Il ruolo della cooperazione in materia fiscale
La cooperazione amministrativa nasce storicamente con la necessità delle Autorità fiscali di
raccogliere, condividere, scambiare, a condizione di reciprocità tra i diversi Stati, informazioni che
non è stato possibile reperire attraverso gli ordinari strumenti di controllo, ovvero per verificare la
correttezza delle informazioni comunicate dal contribuente.

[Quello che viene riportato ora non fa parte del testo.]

(* Let $k$ be an algebraically closed field of characteristic $p>0$ and $n\ge1$. Let $\mathbb{E}_{\ge0}(n,k) = \coprod_{r\ge0}\mathrm{Hom}_{\mathrm{gr}}((\mathbb{Z}/p\mathbb{Z})^r,\mathrm{GL}(n,k))$ and let $\pi : \mathbb{E}_{\ge0}(n,k)\to\mathrm{Mat}(n,k[T])^E$ be defined as follows: the unique element $\rho_0$ with $r=0$ is sent to $I_n$; for $r\ge1$, an element $\rho\in\mathrm{Hom}_{\mathrm{gr}}((\mathbb{Z}/p\mathbb{Z})^r,\mathrm{GL}(n,k))$, written uniquely as $\rho = \rho_{N_1,\ldots,N_r}$ with $(N_1,\ldots,N_r)\in\mathcal{N}_r(n,k)$, is sent to $\prod_{i=1}^r \mathrm{Exp}(T^{p^{i-1}}N_i)$. Then $\pi$ is surjective.
   Context: A matrix $A(T)\in\mathrm{Mat}(n,k[T])$ is an exponential matrix if $A(T)A(T') = A(T+T')$ in $\mathrm{Mat}(n,k[T,T'])$ and $A(0)=I_n$; $\mathrm{Mat}(n,k[T])^E$ is the set of exponential matrices. $\mathcal{N}_r(n,k)$ is the set of $(N_1,\ldots,N_r)\in\mathrm{Mat}(n,k)^r$ with $N_i^p=O_n$ and $N_iN_j=N_jN_i$ for all $i,j$, and $\rho_{N_1,\ldots,N_r}(a_1,\ldots,a_r) = \prod_{i=1}^r(I_n+N_i)^{a_i}$; every group homomorphism $(\mathbb{Z}/p\mathbb{Z})^r\to\mathrm{GL}(n,k)$ is of this form for a unique tuple. For a matrix $M$ over a commutative $k$-algebra with $M^p=O_n$, $\mathrm{Exp}(M) := \sum_{i=0}^{p-1}\frac{1}{i!}M^i$. *)

theory Defs
  imports "HOL-Analysis.Analysis" "HOL-Computational_Algebra.Polynomial"
begin

text \<open>n x n matrices are rendered as 'b^'n^'n with 'n a finite index type (n = CARD('n) \<ge> 1).
  Matrix product is (**), identity is mat 1.\<close>

definition mpow :: "'b::semiring_1^'n^'n \<Rightarrow> nat \<Rightarrow> 'b^'n^'n" where
  "mpow M i = (((**) M) ^^ i) (mat 1)"

text \<open>Polynomial ring k[T,T'] is rendered as ('a poly) poly: inner variable T, outer variable T'.\<close>

definition in_T :: "'a::comm_ring_1 poly \<Rightarrow> 'a poly poly" where
  "in_T f = [:f:]"                                   \<comment> \<open>f(T)\<close>

definition in_T' :: "'a::comm_ring_1 poly \<Rightarrow> 'a poly poly" where
  "in_T' f = map_poly (\<lambda>c. [:c:]) f"                 \<comment> \<open>f(T')\<close>

definition in_TT' :: "'a::comm_ring_1 poly \<Rightarrow> 'a poly poly" where
  "in_TT' f = poly (map_poly (\<lambda>c. [:[:c:]:]) f) ([:[:0, 1:]:] + [:0, 1:])"  \<comment> \<open>f(T+T')\<close>

definition exp_matrix :: "'a::comm_ring_1 poly^'n^'n \<Rightarrow> bool" where
  "exp_matrix A \<longleftrightarrow>
     (\<chi> i j. in_T (A $ i $ j)) ** (\<chi> i j. in_T' (A $ i $ j)) = (\<chi> i j. in_TT' (A $ i $ j))
     \<and> (\<chi> i j. poly (A $ i $ j) 0) = mat 1"

text \<open>The tuples N_1..N_r are lists of length r (N_i = N ! (i-1)).\<close>

definition Ncal :: "nat \<Rightarrow> ('a::field^'n^'n) list set" where
  "Ncal r = {N. length N = r \<and> (\<forall>i<r. mpow (N ! i) CHAR('a) = 0)
              \<and> (\<forall>i<r. \<forall>j<r. (N ! i) ** (N ! j) = (N ! j) ** (N ! i))}"

text \<open>(Z/pZ)^r as lists of length r with entries < p, componentwise addition mod p.\<close>

definition Zp_pow :: "nat \<Rightarrow> nat \<Rightarrow> nat list set" where
  "Zp_pow p r = {a. length a = r \<and> (\<forall>x\<in>set a. x < p)}"

definition Zp_add :: "nat \<Rightarrow> nat list \<Rightarrow> nat list \<Rightarrow> nat list" where
  "Zp_add p a b = map2 (\<lambda>x y. (x + y) mod p) a b"

text \<open>Group homomorphisms (Z/pZ)^r \<rightarrow> GL(n,k), p = CHAR('a) (values outside the domain are ignored).\<close>

definition grp_hom :: "nat \<Rightarrow> (nat list \<Rightarrow> 'a::field^'n^'n) \<Rightarrow> bool" where
  "grp_hom r \<rho> \<longleftrightarrow> (\<forall>a\<in>Zp_pow CHAR('a) r. invertible (\<rho> a))
     \<and> (\<forall>a\<in>Zp_pow CHAR('a) r. \<forall>b\<in>Zp_pow CHAR('a) r.
           \<rho> (Zp_add CHAR('a) a b) = \<rho> a ** \<rho> b)"

fun mprod_list :: "('b::semiring_1^'n^'n) list \<Rightarrow> 'b^'n^'n" where
  "mprod_list [] = mat 1"
| "mprod_list (M # Ms) = M ** mprod_list Ms"

definition rho_N :: "('a::field^'n^'n) list \<Rightarrow> nat list \<Rightarrow> 'a^'n^'n" where
  "rho_N N a = mprod_list (map2 (\<lambda>M e. mpow (mat 1 + M) e) N a)"

definition Exp :: "'a::field poly^'n^'n \<Rightarrow> 'a poly^'n^'n" where
  "Exp M = (\<Sum>i<CHAR('a). (\<chi> j l. smult (inverse (of_nat (fact i))) (mpow M i $ j $ l)))"

definition Tpow_mat :: "nat \<Rightarrow> 'a::field^'n^'n \<Rightarrow> 'a poly^'n^'n" where
  "Tpow_mat m N = (\<chi> j l. monom (N $ j $ l) m)"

Tali meccanismi tendono sostanzialmente a evitare che gli affari o le relazioni economiche istituite
al di fuori dei confini nazionali possano costituire il pretesto per facili aggiramenti delle norme
tributarie, utilizzando i confini politici nazionali come limite naturale ai poteri di controllo
dell’Amministrazione Finanziaria. Nelle moderne economie, infatti, fattori quali l’integrazione
economica, lo sviluppo delle tecnologie dell’informazione e della comunicazione, l’esistenza di
paradisi fiscali e finanziari, rendono sempre più netta l’asimmetria esistente tra gli operatori
economici, che operano in un contesto internazionale e globalizzato, e gli organi di controllo con
competenza territoriale limitata. Tale circostanza induce questi ultimi a sviluppare nuove e più
efficaci azioni di contrasto e rende irrinunciabile il ricorso a forme di cooperazione fiscale.

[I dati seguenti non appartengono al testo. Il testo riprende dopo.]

(* Let $x,y,z$ be real numbers with $x\ge 2$ such that $\Psi(x+z,y)-\Psi(x,y)>\pi(y)$. Then $g(\lfloor x\rfloor)<z$.
   Context: $\pi(y)$ is the number of primes $\le y$. For real $x,y$, $\Psi(x,y)$ denotes the number of positive integers $\le x$ all of whose prime factors are $\le y$. For integers $n>1$ and $k\ge 1$, say that $(n,k)$ has a prime representation if there are distinct primes $P_1,\dots,P_k$ with $P_j\mid (n+j)$ for $1\le j\le k$; $g(n)$ is the largest positive integer $k$ such that $(n,k)$ has a prime representation. *)

theory Defs
  imports Complex_Main "HOL-Computational_Algebra.Primes"
begin

definition prime_pi :: "real \<Rightarrow> nat" where
  "prime_pi y = card {p::nat. prime p \<and> real p \<le> y}"

definition Psi :: "real \<Rightarrow> real \<Rightarrow> nat" where
  "Psi x y = card {m::nat. 1 \<le> m \<and> real m \<le> x \<and> (\<forall>p. prime p \<and> p dvd m \<longrightarrow> real p \<le> y)}"

definition prime_rep :: "nat \<Rightarrow> nat \<Rightarrow> bool" where
  "prime_rep n k \<longleftrightarrow> (\<exists>P::nat \<Rightarrow> nat. inj_on P {1..k} \<and>
      (\<forall>j\<in>{1..k}. prime (P j) \<and> P j dvd n + j))"

definition g :: "nat \<Rightarrow> nat" where
  "g n = (GREATEST k. 1 \<le> k \<and> prime_rep n k)"

end

theory Submission
  imports Defs
begin

text \<open>If \<open>(\<lfloor>x\<rfloor>, k)\<close> has a prime representation \<open>P\<^sub>1, \<dots>, P\<^sub>k\<close> with \<open>k \<ge> z\<close>, then every
  \<open>y\<close>-smooth integer \<open>m = \<lfloor>x\<rfloor> + j\<close> in \<open>(x, x + z]\<close> is divisible by the prime \<open>P\<^sub>j \<le> y\<close>.
  Since the \<open>P\<^sub>j\<close> are distinct, this injects the \<open>y\<close>-smooth integers of \<open>(x, x + z]\<close>, of which
  there are at least \<open>\<Psi>(x + z, y) - \<Psi>(x, y)\<close>, into the primes up to \<open>y\<close>.\<close>

definition smooth :: "real \<Rightarrow> nat \<Rightarrow> bool" where
  "smooth y m \<longleftrightarrow> (\<forall>p. prime p \<and> p dvd m \<longrightarrow> real p \<le> y)"

lemma finite_nat_le_real: "finite {m::nat. real m \<le> x \<and> P m}"
  by (rule finite_subset[of _ "{..nat \<lceil>x\<rceil>}"]) (auto, linarith)

lemma Psi_le_Psi_add_card_smooth:
  "Psi b y \<le> Psi a y + card {m. a < real m \<and> real m \<le> b \<and> smooth y m}"
proof -
  let ?A = "{m::nat. 1 \<le> m \<and> real m \<le> b \<and> smooth y m}"
  let ?B = "{m::nat. 1 \<le> m \<and> real m \<le> a \<and> smooth y m}"
  let ?S = "{m::nat. a < real m \<and> real m \<le> b \<and> smooth y m}"
  have "?A \<subseteq> ?B \<union> ?S" by auto
  moreover have "finite ?B" "finite ?S"
    using finite_nat_le_real[of a] finite_nat_le_real[of b] by (simp_all add: conj_commute)
  ultimately have "card ?A \<le> card ?B + card ?S"
    by (meson card_Un_le card_mono finite_UnI order_trans)
  then show ?thesis by (simp add: Psi_def smooth_def)
qed

lemma card_smooth_le_prime_pi_if_prime_rep:
  assumes "prime_rep n k"
  shows "card {m. n < m \<and> m \<le> n + k \<and> smooth y m} \<le> prime_pi y"
proof -
  obtain P where P_inj: "inj_on P {1..k}" and P_dvd: "\<forall>j\<in>{1..k}. prime (P j) \<and> P j dvd n + j"
    using assms unfolding prime_rep_def by blast
  let ?S = "{m. n < m \<and> m \<le> n + k \<and> smooth y m}"
  let ?Q = "{p::nat. prime p \<and> real p \<le> y}"
  have shift: "m - n \<in> {1..k}" "n + (m - n) = m" if "m \<in> ?S" for m
    using that by auto
  have "(\<lambda>m. P (m - n)) ` ?S \<subseteq> ?Q"
  proof
    fix q assume "q \<in> (\<lambda>m. P (m - n)) ` ?S"
    then obtain m where m: "m \<in> ?S" "q = P (m - n)" by blast
    then have "prime q" "q dvd m" using P_dvd shift[OF m(1)] by metis+
    with m(1) show "q \<in> ?Q" by (simp add: smooth_def)
  qed
  moreover have "inj_on (\<lambda>m. P (m - n)) ?S"
    by (rule inj_onI) (metis P_inj inj_onD shift)
  moreover have "finite ?Q"
    using finite_nat_le_real[of y prime] by (simp add: conj_commute)
  ultimately show ?thesis
    unfolding prime_pi_def by (meson card_inj_on_le)
qed

lemma prime_rep_floor_lt:
  fixes x y z :: real
  assumes "x \<ge> 0"
    and "real (Psi (x + z) y) - real (Psi x y) > real (prime_pi y)"
    and "prime_rep (nat \<lfloor>x\<rfloor>) k"
  shows "real k < z"
proof (rule ccontr)
  assume "\<not> real k < z"
  define n where "n = nat \<lfloor>x\<rfloor>"
  let ?S = "{m. x < real m \<and> real m \<le> x + z \<and> smooth y m}"
  let ?T = "{m. n < m \<and> m \<le> n + k \<and> smooth y m}"
  have "?S \<subseteq> ?T"
    using \<open>x \<ge> 0\<close> \<open>\<not> real k < z\<close> unfolding n_def by auto linarith+
  then have "card ?S \<le> card ?T"
    by (rule card_mono[rotated]) (use finite_nat_le_real[of "real (n + k)"] in \<open>simp add: conj_commute\<close>)
  also have "\<dots> \<le> prime_pi y"
    using assms(3) unfolding n_def by (rule card_smooth_le_prime_pi_if_prime_rep)
  finally show False
    using assms(2) Psi_le_Psi_add_card_smooth[of "x + z" y x] by linarith
qed

lemma prime_rep_one: "n \<ge> 1 \<Longrightarrow> prime_rep n 1"
  using prime_factor_nat[of "n + 1"] unfolding prime_rep_def by auto

lemma prime_rep_g:
  assumes "n \<ge> 1" and "\<And>k. prime_rep n k \<Longrightarrow> k \<le> b"
  shows "prime_rep n (g n)"
proof -
  have "1 \<le> g n \<and> prime_rep n (g n)"
    unfolding g_def
    by (rule GreatestI_nat[of _ 1 b]) (use assms prime_rep_one in auto)
  then show ?thesis ..
qed

theorem lemma2p4:
  fixes x y z :: real
  assumes "x \<ge> 2"
    and "real (Psi (x + z) y) - real (Psi x y) > real (prime_pi y)"
  shows "real (g (nat \<lfloor>x\<rfloor>)) < z"
proof -
  have rep_lt: "prime_rep (nat \<lfloor>x\<rfloor>) k \<Longrightarrow> real k < z" for k
    using prime_rep_floor_lt[of x y z k] assms by simp
  have "prime_rep (nat \<lfloor>x\<rfloor>) (g (nat \<lfloor>x\<rfloor>))"
  proof (rule prime_rep_g)
    show "nat \<lfloor>x\<rfloor> \<ge> 1" using assms(1) by linarith
    show "k \<le> nat \<lceil>z\<rceil>" if "prime_rep (nat \<lfloor>x\<rfloor>) k" for k
      using rep_lt[OF that] by linarith
  qed
  then show ?thesis by (rule rep_lt)
qed

end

È, dunque, l’internazionalizzazione delle economie a generare l’esigenza di internazionalizzare gli
strumenti necessari all’accertamento delle imposte. In questa ottica, la cooperazione internazionale
rappresenta la strada che consente di oltrepassare i limiti territoriali imposti dalle sovranità
nazionali, mentre lo scambio di informazioni rappresenta il principale mezzo attraverso il quale tale
cooperazione si concretizza1.
Le fonti della cooperazione amministrativa
La base giuridica per le attività di assistenza amministrativa possono consistere tanto in accordi
bilaterali, che vincolano reciprocamente due Stati, quanto multilaterali, vincolanti nei confronti di
più Stati. Tali accordi possono essere realizzati attraverso differenti tipologie di coordinamento:
- Convenzioni internazionali per evitare le doppie imposizioni sui redditi;
- specifici accordi per i Paesi membri dell’Unione europea, multilaterali e vincolanti, secondo le
modalità previste dalla normativa comunitaria;
1
Ulteriori spunti critici in DELLA VOLPE-MARCHETTI-PEZZUTO, La cooperazione tra le Amministrazioni fiscali - in Di
Pietro (a cura di), Lo stato della fiscalità nell’Unione Europea, GdF, 2003, che contiene una particolareggiata analisi
dello stato dell’arte in materia di assistenza amministrativa e scambio di informazioni. Cfr. anche, CASINI, “La
cooperazione internazionale e lo scambio di informazioni tra le Amministrazioni fiscali”, in FiscoOggi del 3.12.2004,
che relaziona in merito al IV seminario sulla fiscalità internazionale; ACIERNO-MASTROENI, “Lo scambio di
informazioni tra le Autorità fiscali”, in FiscoOggi del 25.6.2003.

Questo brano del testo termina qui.